Special Office Hours/Review: Fox will hold special "final exam preparation" office hours on Wednesay Dec 17 from 3-4pm. I will also have regular office hours that day from 1:30-2:30pm.

Outline of the Final Exam:
1. Question 1: Basic abstract linear algebra (Book sections: Lectures 1-5)
• Basic ideas about linear systems and eigenvalue problems
• Basic ideas about eigenvalue problems
• Existence and properties of the SVD
2. Question 2: QR Decomposition and Least Squares Problems (Book sections: Lectures 6-11)
• Projections, QR Decomposition, Gram-Schmidt
• Householder Reflections, and Least-Squares Problems
• Storage and computational complexity of algorithms
3. Question 3: Gaussian Elimination and LU Factorization (Book sections: Lectures 20-23)
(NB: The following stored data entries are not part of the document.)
lemma group_embeds_unitri_groupI:
  fixes f :: "'b \<Rightarrow> 'a::field mat"
  assumes unitri: "\<And>x. x \<in> carrier G \<Longrightarrow> unitriangular n (f x)"
    and mult: "\<And>x y. x \<in> carrier G \<Longrightarrow> y \<in> carrier G \<Longrightarrow> f (x \<otimes>\<^bsub>G\<^esub> y) = f x * f y"
    and inj: "inj_on f (carrier G)"
  shows "group_embeds G (unitri_group n :: (nat \<Rightarrow> nat \<Rightarrow> 'a) monoid)"
  unfolding group_embeds_def
proof (intro exI conjI)
  have fc: "f x \<in> carrier_mat n n" if "x \<in> carrier G" for x
    using unitri[OF that] by (simp add: unitriangular_def)
  show "fun_of_mat n \<circ> f \<in> hom G (unitri_group n)"
    using unitri fc by (auto intro!: homI simp: carrier_unitri_group mult fun_of_mat_mult)
  show "inj_on (fun_of_mat n \<circ> f) (carrier G)"
    by (rule comp_inj_on[OF inj inj_on_subset[OF inj_on_fun_of_mat]]) (auto intro: fc)
qed

section \<open>Exponent of \<open>U_n(K)\<close> for \<open>n \<le> p\<close>\<close>

lemma of_nat_choose_prime:
  assumes p: "Factorial_Ring.prime p" and char: "CHAR('a::semiring_1) = p" and k: "k \<le> p"
  shows "(of_nat (p choose k) :: 'a) = (if k = 0 \<or> k = p then 1 else 0)"
  using dvd_choose_prime[of k p] p k char prime_gt_0_nat[OF p]
  by (auto simp: of_nat_eq_0_iff_char_dvd)

lemma sum_choose_pascal:
  fixes g :: "nat \<Rightarrow> 'a::comm_semiring_1"
  shows "(\<Sum>k\<le>m. of_nat (m choose k) * (g k + g (Suc k))) = (\<Sum>k\<le>Suc m. of_nat (Suc m choose k) * g k)"
proof -
  have a: "(\<Sum>k\<le>Suc m. of_nat (Suc m choose k) * g k)
     = g 0 + ((\<Sum>k\<le>m. of_nat (m choose k) * g (Suc k)) + (\<Sum>k\<le>m. of_nat (m choose Suc k) * g (Suc k)))"
    by (subst sum.atMost_Suc_shift) (simp add: distrib_right sum.distrib del: sum.atMost_Suc)
  have b: "(\<Sum>k\<le>m. of_nat (m choose k) * g k) = g 0 + (\<Sum>k<m. of_nat (m choose Suc k) * g (Suc k))"
    unfolding lessThan_Suc_atMost[symmetric] sum.lessThan_Suc_shift by simp
  have c: "(\<Sum>k\<le>m. of_nat (m choose Suc k) * g (Suc k)) = (\<Sum>k<m. of_nat (m choose Suc k) * g (Suc k))"
    unfolding lessThan_Suc_atMost[symmetric] by (simp add: binomial_eq_0)
  show ?thesis unfolding a by (simp add: distrib_left sum.distrib b c add_ac)
qed

lemma index_pow_one_plus_mat:
  fixes D :: "'a::comm_ring_1 mat"
  assumes D: "D \<in> carrier_mat n n" and ij: "i < n" "j < n"
  shows "((1\<^sub>m n + D) ^\<^sub>m m) $$ (i, j) = (\<Sum>k\<le>m. of_nat (m choose k) * (D ^\<^sub>m k) $$ (i, j))"
  using ij
proof (induction m arbitrary: i j)
  case (Suc m)
  let ?M = "1\<^sub>m n + D"
  have Mm: "?M ^\<^sub>m m \<in> carrier_mat n n" using D by simp
  have "(?M ^\<^sub>m m * D) $$ (i, j) = (\<Sum>l<n. (?M ^\<^sub>m m) $$ (i, l) * D $$ (l, j))"
    using Suc.prems Mm D by (simp add: index_mult_mat_square del: index_mult_mat)
  also have "\<dots> = (\<Sum>k\<le>m. of_nat (m choose k) * (\<Sum>l<n. (D ^\<^sub>m k) $$ (i, l) * D $$ (l, j)))"
    using Suc.IH Suc.prems
    by (simp add: sum_distrib_right sum_distrib_left mult.assoc sum.swap[of _ "{..<n}" "{..m}"])
  also have "\<dots> = (\<Sum>k\<le>m. of_nat (m choose k) * (D ^\<^sub>m Suc k) $$ (i, j))"
    by (intro sum.cong refl)
      (simp add: index_mult_mat_square[OF pow_carrier_mat[OF D] D Suc.prems] del: index_mult_mat)
  finally have step: "(?M ^\<^sub>m m * D) $$ (i, j) = (\<Sum>k\<le>m. of_nat (m choose k) * (D ^\<^sub>m Suc k) $$ (i, j))" .
  have "(?M ^\<^sub>m Suc m) $$ (i, j) = (?M ^\<^sub>m m) $$ (i, j) + (?M ^\<^sub>m m * D) $$ (i, j)"
    using Suc.prems Mm D by (simp add: mult_add_distrib_mat[OF Mm _ D, of "1\<^sub>m n"])
  also have "\<dots> = (\<Sum>k\<le>m. of_nat (m choose k) * ((D ^\<^sub>m k) $$ (i, j) + (D ^\<^sub>m Suc k) $$ (i, j)))"
    unfolding step Suc.IH[OF Suc.prems] by (simp only: distrib_left sum.distrib)
  also have "\<dots> = (\<Sum>k\<le>Suc m. of_nat (Suc m choose k) * (D ^\<^sub>m k) $$ (i, j))"
    by (rule sum_choose_pascal[where g = "\<lambda>k. (D ^\<^sub>m k) $$ (i, j)"])
  finally show ?case .
qed (use D in simp)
• Gaussian Elimination, Gauss Transforms,
• LU Factorization, forward/backward subsitition
• Storage and computational complexity of algorithms
4. Question 4: Conditioning and Stability (Book sections: Lectures 12,14,16-19)
• Condition of a problem, condition number of a matrix
• Condition of matrix multiplication, system of equations
• Stability of a problem, stability of an algorithm
• Backward stable algorithm, backward error analysis
• Stability of algorithms: GE/LU, backsubstition, QR, LS
5. Question 5: Eigenvalue Problems (Book sections: Lectures 24-29)
• Similarity, orthogonal and unitary transformations
• Existence of Schur Decomposition
• Existence of spectral decomposition
• Two-stage QR algorithm for diagionalizing a matrix
• Stage 1: QR-based reduction to upper-Hessenberg form
• Stage 2: QR iteration
• Raleigh quotient, power, and inverse power iterations
• Storage and computational complexity of algorithms
• Stability of algorithms: QR (phases 1 and 2)
6. Question 6: Iterative Methods for Linear Systems (Book sections: Posted notes from Holst textbook)
• Derivation of the Basic Linear Method (BLM)
• Convergence and complexity properties of the BLM
• Storage and computational complexity of algorithms
• Properties of A-self-adjoint operators, preconditioners
• Derivation of CG as sequential orthogonal projection
• Convergence and complexity properties of CG